Some folks choose to be annoyed when they perceive that they have been treated like guinea pigs! So there was some outrage when the results of a Facebook study were recently published in a scientific journal.

Here’s the gist of the story. Facebook scientists conducted an experiment on some users to learn whether emotions expressed on Facebook are contagious. They fiddled (in an automated way) with the emotional content of people’s news feeds and then measured whether people’s posts became positive or negative.

What do you think they found? Do you think that the emotional tone of what you read has an impact on what you say?

Their results said, “Yes.” The (simplified) implication is that when folks read positive expressions, they write more positive news themselves. When exposed to negative expressions, they express more negatives.

Does this surprise you? If you are in an environment where you hear encouraging, optimistic stories of people supporting each other, overcoming difficulties, working, succeeding, caring—does that affect your emotional state?

Conversely, if you hear stories of despair, violence, injustice, especially if they are about people in circumstances similar to yours, does that affect you?

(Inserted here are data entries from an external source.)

lemma Gamma_reflection_real:
  fixes x :: real
  shows "Gamma x * Gamma (1 - x) = pi / sin (pi * x)"
proof -
  have "complex_of_real (Gamma x * Gamma (1 - x)) = Gamma (of_real x) * Gamma (1 - of_real x)"
    by (simp flip: Gamma_complex_of_real)
  also have "\<dots> = complex_of_real (pi / sin (pi * x))"
    by (simp add: Gamma_reflection_complex flip: sin_of_real)
  finally show ?thesis by (simp only: of_real_eq_iff)
qed

lemma prod_Gamma_divide_squared:
  assumes m: "m > 0"
  shows "(\<Prod>j\<in>{1..<m}. Gamma (real j / real m))\<^sup>2 = (2 * pi) ^ (m - 1) / real m"
proof -
  have "(\<Prod>j\<in>{1..<m}. Gamma (real j / real m)) = (\<Prod>j\<in>{1..<m}. Gamma (1 - real j / real m))"
    by (subst prod.atLeastLessThan_rev) (auto intro!: prod.cong simp: of_nat_diff field_simps)
  then have "(\<Prod>j\<in>{1..<m}. Gamma (real j / real m))\<^sup>2
      = (\<Prod>j\<in>{1..<m}. Gamma (real j / real m) * Gamma (1 - real j / real m))"
    by (simp add: power2_eq_square prod.distrib)
  also have "\<dots> = (\<Prod>j\<in>{1..<m}. pi / sin (pi * real j / real m))"
    by (simp add: Gamma_reflection_real)
  also have "\<dots> = pi ^ (m - 1) * 2 ^ (m - 1) / (\<Prod>j\<in>{1..<m}. 2 * sin (pi * real j / real m))"
    by (simp add: prod_dividef prod.distrib)
  also have "\<dots> = (2 * pi) ^ (m - 1) / real m"
    unfolding prod_sin_pi_divide[OF m] by (simp add: power_mult_distrib)
  finally show ?thesis .
qed

theorem Gamma_multiplication:
  fixes z :: complex
  assumes m: "m > 0" and z: "of_nat m * z \<notin> \<int>\<^sub>\<le>\<^sub>0"
  shows "(\<Prod>k<m. Gamma (z + of_nat k / of_nat m))
    = of_real (sqrt ((2 * pi) ^ (m - 1) * real m)) * of_nat m powr (- of_nat m * z) * Gamma (of_nat m * z)"
proof -
  obtain C where C: "\<And>z :: complex. of_nat m * z \<notin> \<int>\<^sub>\<le>\<^sub>0 \<Longrightarrow>
      (\<Prod>k<m. Gamma (z + of_nat k / of_nat m)) = C * of_nat m powr (- of_nat m * z) * Gamma (of_nat m * z)"
    using Gamma_multiplication_up_to_constant[OF m] by blast
  define Q where "Q = (\<Prod>j\<in>{1..<m}. Gamma (real j / real m))"
  have "complex_of_real Q = (\<Prod>k<m. Gamma (1 / of_nat m + of_nat k / of_nat m))"
  proof -
    have "complex_of_real Q = complex_of_real (\<Prod>j\<in>{1..<Suc m}. Gamma (real j / real m))"
      using m by (simp add: Q_def prod.atLeastLessThan_Suc)
    also have "\<dots> = (\<Prod>k<m. complex_of_real (Gamma (real (Suc k) / real m)))"
      by (simp only: atLeastLessThanSuc_atLeastAtMost prod.atLeast1_atMost_eq of_real_prod One_nat_def)
    also have "\<dots> = (\<Prod>k<m. Gamma (1 / of_nat m + of_nat k / of_nat m))"
      by (intro prod.cong refl) (simp add: add_divide_distrib flip: Gamma_complex_of_real)
    finally show ?thesis .
  qed
  also have "\<dots> = C * of_nat m powr (- 1)"
    using C[of "1 / of_nat m"] m by simp
  finally have "C = of_real (real m * Q)"
    using m by (simp add: powr_minus field_simps)
  also have "real m * Q = sqrt ((2 * pi) ^ (m - 1) * real m)"
  proof -
    have "Q > 0"
      unfolding Q_def by (intro prod_pos) auto
    then have "real m * Q = sqrt ((real m * Q)\<^sup>2)"
      using m by simp
    also have "(real m * Q)\<^sup>2 = (real m)\<^sup>2 * ((2 * pi) ^ (m - 1) / real m)"
      unfolding Q_def power_mult_distrib prod_Gamma_divide_squared[OF m] ..
    also have "\<dots> = (2 * pi) ^ (m - 1) * real m"
      using m by (simp add: power2_eq_square)
    finally show ?thesis .
  qed
  finally show ?thesis
    using C[OF z] by simp
qed
(* For every BIMS channel with capacity $C$ and every $R\ge0$, the expurgated exponent satisfies $$E_{\rm ex}^{\rm bsc}(R;C)\le E_{\rm ex}(R)\le E_{\rm ex}^{\rm bec}(R;C).$$
   Context: A BIMS (binary-input memoryless symmetric) channel is a memoryless channel with input alphabet $\{x_0,x_1\}$, finite output alphabet $\mathcal Y$ and transition probabilities $P_{Y|X}(y|x)$. It is symmetric in Gallager's sense: the columns of the $2\times|\mathcal Y|$ transition matrix (rows indexed by inputs) can be partitioned into submatrices such that, in each submatrix, every row is a permutation of every other row and every column is a permutation of every other column. The capacity $C$ is $I(X;Y)$ under equiprobable inputs, in bits, and logarithms are base 2. The Bhattacharyya parameter is $Z=\sum_y\sqrt{P_{Y|X}(y|x_0)P_{Y|X}(y|x_1)}$. For $\rho\ge1$ and $Z\in[0,1]$, let $$E_x(\rho;Z)=-\rho\log\frac{1+Z^{1/\rho}}{2},\qquad E_{\rm ex}(R)=\sup_{\rho\ge1}\bigl(E_x(\rho;Z)-\rho R\bigr).$$ Define $$E_{\rm ex}^{\rm bec}(R;C)=\sup_{\rho\ge1}\bigl(E_x(\rho;1-C)-\rho R\bigr),\qquad E_{\rm ex}^{\rm bsc}(R;C)=\sup_{\rho\ge1}\bigl(E_x(\rho;2\sqrt{\varepsilon(1-\varepsilon)})-\rho R\bigr),$$ where $\varepsilon=h^{-1}(1-C)$, $h$ is the binary entropy function and $h^{-1}$ its inverse on $[0,\tfrac12]$. These are the expurgated exponents of the BEC and BSC of capacity $C$. *)

theory Defs
  imports "HOL-Analysis.Analysis" "HOL-Combinatorics.Permutations" "HOL-Library.Multiset"
begin

text \<open>A binary-input channel with finite output alphabet (a finite type 'y).
  Inputs: x0 = False, x1 = True.  W x y = P(Y=y | X=x).\<close>

definition channel :: "(bool \<Rightarrow> 'y::finite \<Rightarrow> real) \<Rightarrow> bool" where
  "channel W \<longleftrightarrow> (\<forall>x y. 0 \<le> W x y) \<and> (\<forall>x. (\<Sum>y\<in>UNIV. W x y) = 1)"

Our environment can influence us and the opportunity for emotional manipulation might seem horrifying. You could choose to feel helpless as a result. However, there are other choices. For example, in this situation, what can you control?

You can control whether or not you use Facebook, but I know that for many of you—from kiddies to grandmas—that’s unrealistic.

Besides, while Facebook is the example that I have chosen to highlight, it’s certainly not the only potential emotional manipulator. Even in this great era of world-wide communication, we can’t know everything. News is filtered. Someone decides whether a story is told or ignored, and if told, with what slant.

A tenet of choice theory is self-evaluation—try something, see how it goes, and assess how well it’s working for you. Then, use that knowledge as you make your next choices. Thus, we can become more and more effective, also known as continuous improvement!

A suggestion is to be aware of what feelings you want and what in your environment you can control. If you often find yourself feeling emotions that are not what you want, take a look at the influences you are exposed to (what you are seeing, reading, hearing).

The publicity around the Facebook experiment provided an opportunity to remind us that our influences have an impact on our feelings, thoughts, and actions. While we may not be able to control all of the influences, news, and information that surround us, we can at least be aware that we are getting a filtered version.

If you want to feel discouraged, pessimistic, or angry, you can easily find inputs to support those emotions. However, if you want to feel optimistic, encouraged, and satisfied, look for and surround yourself with examples and influences to support those emotions. They exist; even if they are not on the news (or on your Facebook feed.)

How do you take charge of your own emotional influences?